═════ Records to process

(* Let $E$ be a finite set with $m=|E|\ge1$ and let $\mu$ be an exchangeable measure over the subsets of $E$, i.e. $\mu(F)=c(|F|)$ for some non-negative numbers $c(0),\dots,c(m)$. Then $\mu$ is cavity-monotone if and only if (1) $c$ is log-concave, i.e. $c(k)^2\ge c(k-1)c(k+1)$ for all $0<k<m$, and (2) the support $\{0\le k\le m: c(k)>0\}$ is an interval containing $0$ and $1$. In particular, for every $b\ge1$ the measure $\mu(F)=\mathbf 1(|F|\le b)$ is cavity-monotone.
   Context: Let $E$ be a finite set. A measure over the subsets of $E$ is a function $\mu:2^E\to[0,\infty)$. For $\mathbf w\in(0,\infty)^E$, $\mathbb P^{\mathbf w}_\mu$ is the law of a random subset $\mathcal F\subseteq E$ with $\mathbb P^{\mathbf w}_\mu(\mathcal F=F)=\mu(F)\prod_{e\in F}w_e/Z(\mathbf w)$, where $Z(\mathbf w)=\sum_{F}\mu(F)\prod_{e\in F}w_e$. $\mu$ is Rayleigh if for all $\mathbf w\in(0,\infty)^E$ and all $e\neq f$ in $E$, $\mathbb P^{\mathbf w}_\mu(e\in\mathcal F,f\in\mathcal F)\le\mathbb P^{\mathbf w}_\mu(e\in\mathcal F)\mathbb P^{\mathbf w}_\mu(f\in\mathcal F)$. $\mu$ is size-increasing if for all $\mathbf w\in(0,\infty)^E$ and all $e\in E$, $\mathbb E^{\mathbf w}_\mu[|\mathcal F|\mathbf 1_{e\in\mathcal F}]>\mathbb E^{\mathbf w}_\mu[|\mathcal F|]\,\mathbb P^{\mathbf w}_\mu(e\in\mathcal F)$. $\mu$ is cavity-monotone if $\mu(\emptyset)>0$ and $\mu$ is Rayleigh and size-increasing. *)

theory Defs
  imports Complex_Main
begin

text \<open>Measures over subsets of a finite ground set E are functions mu :: 'a set => real
  (only the values on subsets of E matter). Weights w :: 'a => real, required positive on E.\<close>

definition wt :: "('a set \<Rightarrow> real) \<Rightarrow> ('a \<Rightarrow> real) \<Rightarrow> 'a set \<Rightarrow> real" where
  "wt mu w F = mu F * (\<Prod>e\<in>F. w e)"

definition Zfun :: "'a set \<Rightarrow> ('a set \<Rightarrow> real) \<Rightarrow> ('a \<Rightarrow> real) \<Rightarrow> real" where
  "Zfun E mu w = (\<Sum>F\<in>Pow E. wt mu w F)"

definition Ew :: "'a set \<Rightarrow> ('a set \<Rightarrow> real) \<Rightarrow> ('a \<Rightarrow> real) \<Rightarrow> ('a set \<Rightarrow> real) \<Rightarrow> real" where
  "Ew E mu w g = (\<Sum>F\<in>Pow E. g F * wt mu w F) / Zfun E mu w"

definition Pw :: "'a set \<Rightarrow> ('a set \<Rightarrow> real) \<Rightarrow> ('a \<Rightarrow> real) \<Rightarrow> ('a set \<Rightarrow> bool) \<Rightarrow> real" where
  "Pw E mu w A = (\<Sum>F\<in>{F\<in>Pow E. A F}. wt mu w F) / Zfun E mu w"

definition rayleigh :: "'a set \<Rightarrow> ('a set \<Rightarrow> real) \<Rightarrow> bool" where
  "rayleigh E mu \<longleftrightarrow>
     (\<forall>w. (\<forall>e\<in>E. w e > 0) \<longrightarrow>
        (\<forall>e\<in>E. \<forall>f\<in>E. e \<noteq> f \<longrightarrow>
           Pw E mu w (\<lambda>F. e \<in> F \<and> f \<in> F) \<le> Pw E mu w (\<lambda>F. e \<in> F) * Pw E mu w (\<lambda>F. f \<in> F)))"

definition size_increasing :: "'a set \<Rightarrow> ('a set \<Rightarrow> real) \<Rightarrow> bool" where
  "size_increasing E mu \<longleftrightarrow>
     (\<forall>w. (\<forall>e\<in>E. w e > 0) \<longrightarrow>
        (\<forall>e\<in>E. Ew E mu w (\<lambda>F. real (card F) * (if e \<in> F then 1 else 0))
                 > Ew E mu w (\<lambda>F. real (card F)) * Pw E mu w (\<lambda>F. e \<in> F)))"

definition cavity_monotone :: "'a set \<Rightarrow> ('a set \<Rightarrow> real) \<Rightarrow> bool" where
  "cavity_monotone E mu \<longleftrightarrow> mu {} > 0 \<and> rayleigh E mu \<and> size_increasing E mu"

end

theory Submission
  imports Defs
begin

(* For an exchangeable measure every quantity in the definitions reduces to the shifted partition
   functions P_j(R) = (sum over F \<subseteq> R of c(|F| + j) w^F). On R = E - {e, f} the Rayleigh inequality
   for e, f reads P_0 P_2 \<le> P_1^2, and on R = E - {e} size increase at e reads P'_0 P_1 < P_0 P'_1,
   where P' is built from the size-biased profile k c(k).

   Adding an element x to R replaces P_j by P_j + w_x P_(j+1). This preserves log-concavity (for
   sequences without internal zeros) as well as the bound P'_(j+d) P_j - P'_j P_(j+d) \<ge> d c(j) c(j+d),
   which gives cavity-monotonicity when c is log-concave with c(0), c(1) > 0.

   Conversely, weights x^(-A) on an n-subset of R and x elsewhere turn x^(A n) P_j into a polynomial
   in x with value c(n + j) at 0, so letting x \<rightarrow> 0 in P_0 P_2 \<le> P_1^2 yields log-concavity of c;
   taking A longer than a run of zeros of c rules out internal zeros, and size increase forces
   c(1) > 0. *)

section \<open>Exchangeable measures and shifted partition functions\<close>

definition exchangeable :: "'a set \<Rightarrow> ('a set \<Rightarrow> real) \<Rightarrow> (nat \<Rightarrow> real) \<Rightarrow> bool" where
  "exchangeable E mu c \<longleftrightarrow> (\<forall>F\<subseteq>E. mu F = c (card F))"

definition shifted_partition :: "(nat \<Rightarrow> real) \<Rightarrow> ('a \<Rightarrow> real) \<Rightarrow> 'a set \<Rightarrow> nat \<Rightarrow> real" where
  "shifted_partition c w R j = (\<Sum>F\<in>Pow R. c (card F + j) * prod w F)"

definition rayleigh_profile :: "(nat \<Rightarrow> real) \<Rightarrow> 'a set \<Rightarrow> bool" where
  "rayleigh_profile c R \<longleftrightarrow> (\<forall>w. (\<forall>r\<in>R. 0 < w r) \<longrightarrow>
     shifted_partition c w R 0 * shifted_partition c w R 2 \<le> (shifted_partition c w R 1)\<^sup>2)"

definition size_biased :: "(nat \<Rightarrow> real) \<Rightarrow> nat \<Rightarrow> real" where
  "size_biased c k = real k * c k"

lemma shifted_partition_empty [simp]: "shifted_partition c w {} j = c j"
  by (simp add: shifted_partition_def)

lemma shifted_partition_cong:
  assumes "\<And>r. r \<in> R \<Longrightarrow> w r = v r"
  shows "shifted_partition c w R j = shifted_partition c v R j"
proof -
  have prod_eq: "prod w F = prod v F" if "F \<subseteq> R" for F
    using that assms by (intro prod.cong) auto
  show ?thesis
    unfolding shifted_partition_def by (intro sum.cong refl) (simp add: prod_eq)
qed

lemma sum_Pow_insert:
  assumes "finite R" "x \<notin> R"
  shows "(\<Sum>F\<in>Pow (insert x R). h F) = (\<Sum>F\<in>Pow R. h F + h (insert x F))"
proof -
  have "inj_on (insert x) (Pow R)"
    using assms(2) by (intro inj_onI) (metis Pow_iff insert_ident subset_iff)
  then have "(\<Sum>F\<in>insert x ` Pow R. h F) = (\<Sum>F\<in>Pow R. h (insert x F))"
    by (simp add: sum.reindex)
  moreover have "(\<Sum>F\<in>Pow (insert x R). h F) = (\<Sum>F\<in>Pow R. h F) + (\<Sum>F\<in>insert x ` Pow R. h F)"
    unfolding Pow_insert using assms by (intro sum.union_disjoint) auto
  ultimately show ?thesis by (simp add: sum.distrib)
qed

lemma shifted_partition_insert:
  assumes "finite R" "x \<notin> R"
  shows "shifted_partition c w (insert x R) j
           = shifted_partition c w R j + w x * shifted_partition c w R (Suc j)"
proof -
  have "c (card (insert x F) + j) * prod w (insert x F) = w x * (c (card F + Suc j) * prod w F)"
    if "F \<in> Pow R" for F
  proof -
    have "finite F" "x \<notin> F" using that assms by (auto intro: finite_subset)
    then show ?thesis by simp
  qed
  then show ?thesis
    unfolding shifted_partition_def sum_Pow_insert[OF assms] sum.distrib sum_distrib_left
    by simp
qed

lemma sum_Pow_supersets:
  assumes "finite E" "G \<subseteq> E"
  shows "(\<Sum>F\<in>{F \<in> Pow E. G \<subseteq> F}. h F) = (\<Sum>F\<in>Pow (E - G). h (F \<union> G))"
  by (rule sum.reindex_bij_witness[where i = "\<lambda>F. F \<union> G" and j = "\<lambda>F. F - G"])
    (use assms in \<open>auto simp: Un_absorb2\<close>)

lemma sum_wt_supersets:
  assumes "exchangeable E mu c" "finite E" "G \<subseteq> E"
  shows "(\<Sum>F\<in>{F \<in> Pow E. G \<subseteq> F}. wt mu w F)
           = prod w G * shifted_partition c w (E - G) (card G)"
proof -
  have "wt mu w (F \<union> G) = prod w G * (c (card F + card G) * prod w F)" if "F \<in> Pow (E - G)" for F
  proof -
    have "finite F" "finite G" "F \<inter> G = {}" "F \<union> G \<subseteq> E"
      using that assms(2,3) by (auto intro: finite_subset)
    then show ?thesis
      using assms(1) by (simp add: wt_def exchangeable_def card_Un_disjoint prod.union_disjoint)
  qed
  then show ?thesis
    unfolding sum_Pow_supersets[OF assms(2,3)] shifted_partition_def sum_distrib_left by simp
qed

lemma exchangeable_size_biased:
  "exchangeable E mu c \<Longrightarrow> exchangeable E (\<lambda>F. real (card F) * mu F) (size_biased c)"
  by (simp add: exchangeable_def size_biased_def)

lemma sign_of_scaled_diff:
  fixes x y k d :: real
  assumes "y - x = k * d" "0 < k"
  shows "x \<le> y \<longleftrightarrow> 0 \<le> d" "x < y \<longleftrightarrow> 0 < d"
proof -
  have "x \<le> y \<longleftrightarrow> 0 \<le> k * d" "x < y \<longleftrightarrow> 0 < k * d"
    by (simp_all flip: assms(1))
  then show "x \<le> y \<longleftrightarrow> 0 \<le> d" "x < y \<longleftrightarrow> 0 < d"
    using assms(2) by (simp_all add: zero_le_mult_iff zero_less_mult_iff)
qed

lemma pair_covariance_identity:
  fixes x y Z a0 a1 a2 :: real
  assumes "Z = a0 + y * a1 + x * (a1 + y * a2)" "Z \<noteq> 0"
  shows "x * (a1 + y * a2) / Z * (y * (a1 + x * a2) / Z) - x * y * a2 / Z
           = x * y * ((a1)\<^sup>2 - a0 * a2) / Z\<^sup>2"
proof -
  have "x * (a1 + y * a2) / Z * (y * (a1 + x * a2) / Z) - x * y * a2 / Z
          = (x * (a1 + y * a2) * (y * (a1 + x * a2)) - x * y * a2 * Z) / Z\<^sup>2"
    using assms(2) by (simp add: field_simps power2_eq_square)
  also have "x * (a1 + y * a2) * (y * (a1 + x * a2)) - x * y * a2 * Z = x * y * ((a1)\<^sup>2 - a0 * a2)"
    unfolding assms(1) by (simp add: algebra_simps power2_eq_square)
  finally show ?thesis .
qed

lemma size_covariance_identity:
  fixes x Z a0 a1 b0 b1 :: real
  assumes "Z = a0 + x * a1" "Z \<noteq> 0"
  shows "x * b1 / Z - (b0 + x * b1) / Z * (x * a1 / Z) = x * (a0 * b1 - b0 * a1) / Z\<^sup>2"
proof -
  have "x * b1 / Z - (b0 + x * b1) / Z * (x * a1 / Z) = (x * b1 * Z - (b0 + x * b1) * (x * a1)) / Z\<^sup>2"
    using assms(2) by (simp add: field_simps power2_eq_square)
  also have "x * b1 * Z - (b0 + x * b1) * (x * a1) = x * (a0 * b1 - b0 * a1)"
    unfolding assms(1) by (simp add: algebra_simps)
  finally show ?thesis .
qed

context
  fixes E :: "'a set" and mu :: "'a set \<Rightarrow> real" and c :: "nat \<Rightarrow> real"
  assumes exch: "exchangeable E mu c" and fin: "finite E"
begin

lemma Zfun_exchangeable: "Zfun E mu w = shifted_partition c w E 0"
  using sum_wt_supersets[OF exch fin, of "{}" w] by (simp add: Zfun_def Pow_def)

lemma Zfun_pos:
  assumes "\<forall>k. 0 \<le> c k" "0 < c 0" "\<forall>r\<in>E. 0 < w r"
  shows "0 < Zfun E mu w"
proof -
  have "Zfun E mu w = c 0 + (\<Sum>F\<in>Pow E - {{}}. c (card F) * prod w F)"
    using fin by (simp add: Zfun_exchangeable shifted_partition_def sum.remove[of "Pow E" "{}"])
  moreover have "0 \<le> (\<Sum>F\<in>Pow E - {{}}. c (card F) * prod w F)"
    using assms(1,3) by (intro sum_nonneg mult_nonneg_nonneg prod_nonneg) (auto intro: less_imp_le)
  ultimately show ?thesis using assms(2) by linarith
qed

lemma Pw_mem_exchangeable:
  assumes "e \<in> E"
  shows "Pw E mu w (\<lambda>F. e \<in> F) = w e * shifted_partition c w (E - {e}) 1 / Zfun E mu w"
  using sum_wt_supersets[OF exch fin, of "{e}" w] assms by (simp add: Pw_def)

══════════

Problem description:
Count how many lines of the data include the word "shows". Your reply should be that number alone.

Problem solution:
10